Task instructions: Gather each line of the records where "imports" appears.

Exercise input:
※

(* Let $A=(a_{ij})\in M(m,\mathbb{C})$ and let $X_A$ be a complex algebra spanned by elements $\{x_{ij}:i,j=1,\ldots,m\}$ satisfying $x_{ij}x_{kl}=a_{jk}x_{il}$. If $X_A$ is semisimple and $\det A=0$, then the elements $\{x_{ij}:i,j=1,\ldots,m\}$ are linearly dependent. *)

theory Defs
  imports "HOL-Analysis.Analysis"
begin

text \<open>A (possibly non-unital) associative complex algebra: the carrier is the whole
  type 'a (an associative ring without unit), s is the complex scalar multiplication.\<close>
definition complex_algebra :: "(complex \<Rightarrow> 'a::ring \<Rightarrow> 'a) \<Rightarrow> bool" where
  "complex_algebra s \<longleftrightarrow> vector_space s \<and>
     (\<forall>c x y. s c (x * y) = s c x * y \<and> s c (x * y) = x * s c y)"

definition algebra_ideal :: "(complex \<Rightarrow> 'a::ring \<Rightarrow> 'a) \<Rightarrow> 'a set \<Rightarrow> bool" where
  "algebra_ideal s I \<longleftrightarrow> module.subspace s I \<and>
     (\<forall>x\<in>I. \<forall>a. a * x \<in> I \<and> x * a \<in> I)"

text \<open>set_pow I n = set of all products of n+1 elements of I.\<close>
fun set_pow :: "'a::times set \<Rightarrow> nat \<Rightarrow> 'a set" where
  "set_pow I 0 = I"
| "set_pow I (Suc n) = {x * y | x y. x \<in> set_pow I n \<and> y \<in> I}"

definition nilpotent_set :: "'a::{times,zero} set \<Rightarrow> bool" where
  "nilpotent_set I \<longleftrightarrow> (\<exists>n. set_pow I n \<subseteq> {0})"

text \<open>Semisimple: the (Jacobson) radical, i.e. for a finite-dimensional algebra the
  largest nilpotent ideal, vanishes; equivalently there is no nonzero nilpotent ideal.\<close>
definition semisimple_algebra :: "(complex \<Rightarrow> 'a::ring \<Rightarrow> 'a) \<Rightarrow> bool" where
  "semisimple_algebra s \<longleftrightarrow>
     (\<forall>I. algebra_ideal s I \<and> nilpotent_set I \<longrightarrow> I = {0})"

end

theory Submission
  imports Defs
begin

text \<open>Since \<open>det A = 0\<close> there is a row vector \<open>u \<noteq> 0\<close> with \<open>u A = 0\<close>. For a fixed
  row index \<open>i\<close>, the element \<open>y = \<Sum>\<^sub>j u\<^sub>j x\<^sub>i\<^sub>j\<close> satisfies \<open>y x\<^sub>k\<^sub>l = (u A)\<^sub>k x\<^sub>i\<^sub>l = 0\<close>, so \<open>y\<close>
  annihilates the whole algebra from the left. The left annihilator is an ideal
  whose square is zero, hence it vanishes in a semisimple algebra; so \<open>y = 0\<close>,
  a nontrivial linear relation among the \<open>x\<^sub>i\<^sub>j\<close>.\<close>

lemma complex_algebraD:
  assumes "complex_algebra s"
  shows "vector_space s"
    and "s c (a * b) = s c a * b"
    and "s c (a * b) = a * s c b"
  using assms unfolding complex_algebra_def by metis+

lemma det_zero_obtains_left_kernel:
  fixes A :: "'a::field^'n^'n"
  assumes "det A = 0"
  obtains u where "u \<noteq> 0" and "u v* A = 0"
proof -
  have "\<not> invertible (transpose A)"
    using assms invertible_det_nz[of "transpose A"] by (simp add: det_transpose)
  then obtain u where "u \<noteq> 0" and "transpose A *v u = 0"
    unfolding invertible_left_inverse matrix_left_invertible_ker by blast
  then show thesis using that by simp
qed

definition left_annihilator :: "'a::ring set" where
  "left_annihilator = {a. \<forall>b. a * b = 0}"

lemma algebra_ideal_left_annihilator:
  assumes "complex_algebra s"
  shows "algebra_ideal s left_annihilator"
proof -
  interpret vector_space s using complex_algebraD(1)[OF assms] .
  show ?thesis
    unfolding algebra_ideal_def subspace_def left_annihilator_def
    by (auto simp: distrib_right complex_algebraD(2)[OF assms, symmetric] mult.assoc)
qed

lemma nilpotent_set_left_annihilator: "nilpotent_set left_annihilator"
  unfolding nilpotent_set_def
  by (rule exI[of _ 1]) (auto simp: left_annihilator_def)

lemma semisimple_left_annihilator_eq_zero:
  fixes s :: "complex \<Rightarrow> 'a::ring \<Rightarrow> 'a"
  assumes "complex_algebra s" and "semisimple_algebra s"
  shows "left_annihilator = {0 :: 'a}"
  using assms(2) algebra_ideal_left_annihilator[OF assms(1)]
    nilpotent_set_left_annihilator[where 'a = 'a]
  unfolding semisimple_algebra_def by blast

lemma left_annihilator_if_annihilates_spanning_set:
  assumes "complex_algebra s" and "module.span s G = UNIV"
    and "\<And>g. g \<in> G \<Longrightarrow> a * g = 0"
  shows "a \<in> left_annihilator"
proof -
  interpret vector_space s using complex_algebraD(1)[OF assms(1)] .
  have "a * b = 0" for b
  proof -
    have "b \<in> span G" using assms(2) by simp
    then show ?thesis
    proof (induct rule: span_induct_alt)
      case base
      then show ?case by simp
    next
      case (step c g z)
      then show ?case
        using assms(3) by (simp add: distrib_left flip: complex_algebraD(3)[OF assms(1)])
    qed
  qed
  then show ?thesis unfolding left_annihilator_def by simp
qed

lemma row_combination_mult:
  fixes A :: "complex^'n^'n" and x :: "'n \<Rightarrow> 'n \<Rightarrow> 'a::ring"
  assumes alg: "complex_algebra s"
    and rel: "\<forall>i j k l. x i j * x k l = s (A $ j $ k) (x i l)"
  shows "(\<Sum>j\<in>UNIV. s (u $ j) (x i j)) * x k l = s ((u v* A) $ k) (x i l)"
proof -
  interpret vector_space s using complex_algebraD(1)[OF alg] .
  have "(\<Sum>j\<in>UNIV. s (u $ j) (x i j)) * x k l = (\<Sum>j\<in>UNIV. s (u $ j) (x i j * x k l))"
    by (simp add: sum_distrib_right complex_algebraD(2)[OF alg])
  also have "\<dots> = (\<Sum>j\<in>UNIV. s (u $ j * A $ j $ k) (x i l))"
    using rel by simp
  also have "\<dots> = s ((u v* A) $ k) (x i l)"
    by (simp add: vector_matrix_mult_def scale_sum_left)
  finally show ?thesis .
qed

theorem corollary33:
  fixes A :: "complex^'n^'n"
    and x :: "'n \<Rightarrow> 'n \<Rightarrow> 'a::ring"
    and s :: "complex \<Rightarrow> 'a \<Rightarrow> 'a"
  assumes alg: "complex_algebra s"
    and span: "module.span s {x i j | i j. True} = UNIV"
    and rel: "\<forall>i j k l. x i j * x k l = s (A $ j $ k) (x i l)"
    and ss: "semisimple_algebra s"
    and det0: "det A = 0"
  shows "\<exists>c :: 'n \<Rightarrow> 'n \<Rightarrow> complex. (\<exists>i j. c i j \<noteq> 0) \<and>
           (\<Sum>i\<in>UNIV. \<Sum>j\<in>UNIV. s (c i j) (x i j)) = 0"
proof -
  interpret vector_space s using complex_algebraD(1)[OF alg] .
  obtain u where u0: "u \<noteq> 0" and uA: "u v* A = 0"
    using det_zero_obtains_left_kernel[OF det0] .
  fix i0 :: 'n
  define y where "y = (\<Sum>j\<in>UNIV. s (u $ j) (x i0 j))"
  have "y * x k l = 0" for k l
    unfolding y_def row_combination_mult[OF alg rel] uA by simp
  then have "y \<in> left_annihilator"
    using left_annihilator_if_annihilates_spanning_set[OF alg span] by blast
  then have y0: "y = 0"
    using semisimple_left_annihilator_eq_zero[OF alg ss] by blast
  define c where "c = (\<lambda>i j. if i = i0 then u $ j else 0)"
  obtain j where "u $ j \<noteq> 0" using u0 by (metis vec_eq_iff zero_index)
  then have "c i0 j \<noteq> 0" by (simp add: c_def)
  moreover have "(\<Sum>i\<in>UNIV. \<Sum>j\<in>UNIV. s (c i j) (x i j)) = y"
  proof -
    have "(\<Sum>j\<in>UNIV. s (c i j) (x i j)) = (if i = i0 then y else 0)" for i
      by (simp add: c_def y_def)
    then show ?thesis by simp
  qed
  ultimately show ?thesis using y0 by auto
qed

end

※

Your solution:
  imports "HOL-Analysis.Analysis"
  imports Defs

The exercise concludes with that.